### Task details
Write out the stretch of lines below that begins at the line with "(the core) joined" and ends at the line with "fix x y assume", including both, exactly as given and nothing more.

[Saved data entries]

(* Let $G=\bigsqcup_{i=1}^t K_{n_i}$ be a disjoint union of complete graphs with $t\ge2$ and all $n_i\ge1$. Then $\mathcal{K}^{\mathsf{TJ}}(G)=\{k:k\ge2\}$.
   Context: All graphs are finite, simple, undirected. A $k$-clique of a graph $H$ is a set of $k$ pairwise adjacent vertices. For a graph $H$ and integer $k\ge1$, the Token Jumping graph $\mathsf{TJ}_k(H)$ has as vertices the $k$-cliques of $H$, and two $k$-cliques $A,B$ are adjacent iff $|A\cap B|=k-1$. For a graph $G$, $\mathcal{K}^{\mathsf{TJ}}(G)=\{k\ge1:\ \exists H,\ \mathsf{TJ}_k(H)\cong G\}$. *)

theory Defs
  imports Main
begin

definition simple_graph :: "'a set \<Rightarrow> ('a \<Rightarrow> 'a \<Rightarrow> bool) \<Rightarrow> bool" where
  "simple_graph V E \<longleftrightarrow> finite V \<and> (\<forall>x y. E x y \<longrightarrow> x \<in> V \<and> y \<in> V)
     \<and> (\<forall>x y. E x y \<longrightarrow> E y x) \<and> (\<forall>x. \<not> E x x)"

definition cliques :: "'a set \<Rightarrow> ('a \<Rightarrow> 'a \<Rightarrow> bool) \<Rightarrow> nat \<Rightarrow> 'a set set" where
  "cliques V E k = {C. C \<subseteq> V \<and> finite C \<and> card C = k \<and> (\<forall>x\<in>C. \<forall>y\<in>C. x \<noteq> y \<longrightarrow> E x y)}"

definition TJ_vertices :: "'a set \<Rightarrow> ('a \<Rightarrow> 'a \<Rightarrow> bool) \<Rightarrow> nat \<Rightarrow> 'a set set" where
  "TJ_vertices V E k = cliques V E k"

definition TJ_edges :: "'a set \<Rightarrow> ('a \<Rightarrow> 'a \<Rightarrow> bool) \<Rightarrow> nat \<Rightarrow> 'a set \<Rightarrow> 'a set \<Rightarrow> bool" where
  "TJ_edges V E k A B \<longleftrightarrow> A \<in> cliques V E k \<and> B \<in> cliques V E k \<and> card (A \<inter> B) = k - 1"

definition graph_iso :: "'a set \<Rightarrow> ('a \<Rightarrow> 'a \<Rightarrow> bool) \<Rightarrow> 'b set \<Rightarrow> ('b \<Rightarrow> 'b \<Rightarrow> bool) \<Rightarrow> bool" where
  "graph_iso V1 E1 V2 E2 \<longleftrightarrow>
     (\<exists>f. bij_betw f V1 V2 \<and> (\<forall>x\<in>V1. \<forall>y\<in>V1. E1 x y \<longleftrightarrow> E2 (f x) (f y)))"

text \<open>K^TJ(G): the set of k >= 1 such that TJ_k(H) is isomorphic to G for some finite simple graph H.
  Host graphs H are taken with vertices in nat (every finite graph is isomorphic to one such).\<close>
definition K_TJ :: "'a set \<Rightarrow> ('a \<Rightarrow> 'a \<Rightarrow> bool) \<Rightarrow> nat set" where
  "K_TJ V E = {k. k \<ge> 1 \<and> (\<exists>(HV :: nat set) HE. simple_graph HV HE \<and>
       graph_iso (TJ_vertices HV HE k) (TJ_edges HV HE k) V E)}"

text \<open>Disjoint union of complete graphs K_{n 0}, ..., K_{n (t-1)}: vertex (i,j) is the j-th vertex of the i-th clique.\<close>
definition dcliques_V :: "nat \<Rightarrow> (nat \<Rightarrow> nat) \<Rightarrow> (nat \<times> nat) set" where
  "dcliques_V t n = {(i, j). i < t \<and> j < n i}"

definition dcliques_E :: "nat \<Rightarrow> (nat \<Rightarrow> nat) \<Rightarrow> nat \<times> nat \<Rightarrow> nat \<times> nat \<Rightarrow> bool" where
  "dcliques_E t n u v \<longleftrightarrow> u \<in> dcliques_V t n \<and> v \<in> dcliques_V t n \<and> fst u = fst v \<and> snd u \<noteq> snd v"

end

theory Submission
  imports Defs
begin

(* For k = 1 any two distinct 1-cliques share k - 1 = 0 vertices, so TJ_1(H) is always complete,
   whereas a disjoint union of at least two nonempty cliques is not.  For k >= 2 take as host, for
   each component K_{n_i}, a clique K_{k-1} (the core) joined to n_i pairwise non-adjacent leaves:
   its k-cliques are exactly the core together with one leaf, two of them share the k - 1 core
   vertices iff they lie in the same component, and otherwise they are disjoint. *)

lemma graph_iso_sym:
  assumes "graph_iso V1 E1 V2 E2"
  shows "graph_iso V2 E2 V1 E1"
proof -
  obtain f where f: "bij_betw f V1 V2" and edges: "\<forall>x\<in>V1. \<forall>y\<in>V1. E1 x y \<longleftrightarrow> E2 (f x) (f y)"
    using assms unfolding graph_iso_def by blast
  let ?g = "inv_into V1 f"
  have "bij_betw ?g V2 V1"
    using f by (rule bij_betw_inv_into)
  moreover have "\<forall>x\<in>V2. \<forall>y\<in>V2. E2 x y \<longleftrightarrow> E1 (?g x) (?g y)"
  proof (intro ballI)
    fix x y assume "x \<in> V2" "y \<in> V2"
    then have "?g x \<in> V1" "?g y \<in> V1" "f (?g x) = x" "f (?g y) = y"
      using f by (auto simp: bij_betw_def inv_into_into f_inv_into_f)
    then show "E2 x y \<longleftrightarrow> E1 (?g x) (?g y)"
      using edges by metis
  qed
  ultimately show ?thesis
    unfolding graph_iso_def by blast
qed

lemma graph_iso_trans:
  assumes "graph_iso V1 E1 V2 E2" and "graph_iso V2 E2 V3 E3"
  shows "graph_iso V1 E1 V3 E3"
proof -
  obtain f where f: "bij_betw f V1 V2" "\<forall>x\<in>V1. \<forall>y\<in>V1. E1 x y \<longleftrightarrow> E2 (f x) (f y)"
    using assms(1) unfolding graph_iso_def by blast
  obtain g where g: "bij_betw g V2 V3" "\<forall>x\<in>V2. \<forall>y\<in>V2. E2 x y \<longleftrightarrow> E3 (g x) (g y)"
    using assms(2) unfolding graph_iso_def by blast
  have "bij_betw (g \<circ> f) V1 V3"
    using f(1) g(1) by (rule bij_betw_trans)
  moreover have "\<forall>x\<in>V1. \<forall>y\<in>V1. E1 x y \<longleftrightarrow> E3 ((g \<circ> f) x) ((g \<circ> f) y)"
    using f g by (simp add: bij_betw_apply)
  ultimately show ?thesis
    unfolding graph_iso_def by blast
qed

lemma graph_iso_adjacent:
  assumes "graph_iso V1 E1 V2 E2" and "\<forall>x\<in>V1. \<forall>y\<in>V1. x \<noteq> y \<longrightarrow> E1 x y"
    and "x \<in> V2" "y \<in> V2" "x \<noteq> y"
  shows "E2 x y"
proof -
  obtain g where g: "bij_betw g V2 V1" "\<forall>x\<in>V2. \<forall>y\<in>V2. E2 x y \<longleftrightarrow> E1 (g x) (g y)"
    using graph_iso_sym[OF assms(1)] unfolding graph_iso_def by blast
  have "g x \<noteq> g y"
    using g(1) assms(3-5) by (auto simp: bij_betw_def dest: inj_onD)
  moreover have "g x \<in> V1" "g y \<in> V1"
    using g(1) assms(3,4) by (auto simp: bij_betw_apply)
  ultimately show ?thesis
    using g(2) assms(2-4) by blast
qed

subsection \<open>Token Jumping graphs up to relabelling of the host\<close>

definition image_edges :: "('a \<Rightarrow> 'b) \<Rightarrow> 'a set \<Rightarrow> ('a \<Rightarrow> 'a \<Rightarrow> bool) \<Rightarrow> 'b \<Rightarrow> 'b \<Rightarrow> bool" where
  "image_edges g V E a b \<longleftrightarrow> (\<exists>x\<in>V. \<exists>y\<in>V. a = g x \<and> b = g y \<and> E x y)"

lemma image_edges_iff:
  assumes "inj_on g V" "x \<in> V" "y \<in> V"
  shows "image_edges g V E (g x) (g y) \<longleftrightarrow> E x y"
  using assms unfolding image_edges_def by (auto dest: inj_onD)

lemma simple_graph_image:
  assumes "simple_graph V E" and "inj_on g V"
  shows "simple_graph (g ` V) (image_edges g V E)"
  using assms unfolding simple_graph_def image_edges_def by (blast dest: inj_onD)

### Output of the task
   each component K_{n_i}, a clique K_{k-1} (the core) joined to n_i pairwise non-adjacent leaves:
   its k-cliques are exactly the core together with one leaf, two of them share the k - 1 core
   vertices iff they lie in the same component, and otherwise they are disjoint. *)

lemma graph_iso_sym:
  assumes "graph_iso V1 E1 V2 E2"
  shows "graph_iso V2 E2 V1 E1"
proof -
  obtain f where f: "bij_betw f V1 V2" and edges: "\<forall>x\<in>V1. \<forall>y\<in>V1. E1 x y \<longleftrightarrow> E2 (f x) (f y)"
    using assms unfolding graph_iso_def by blast
  let ?g = "inv_into V1 f"
  have "bij_betw ?g V2 V1"
    using f by (rule bij_betw_inv_into)
  moreover have "\<forall>x\<in>V2. \<forall>y\<in>V2. E2 x y \<longleftrightarrow> E1 (?g x) (?g y)"
  proof (intro ballI)
    fix x y assume "x \<in> V2" "y \<in> V2"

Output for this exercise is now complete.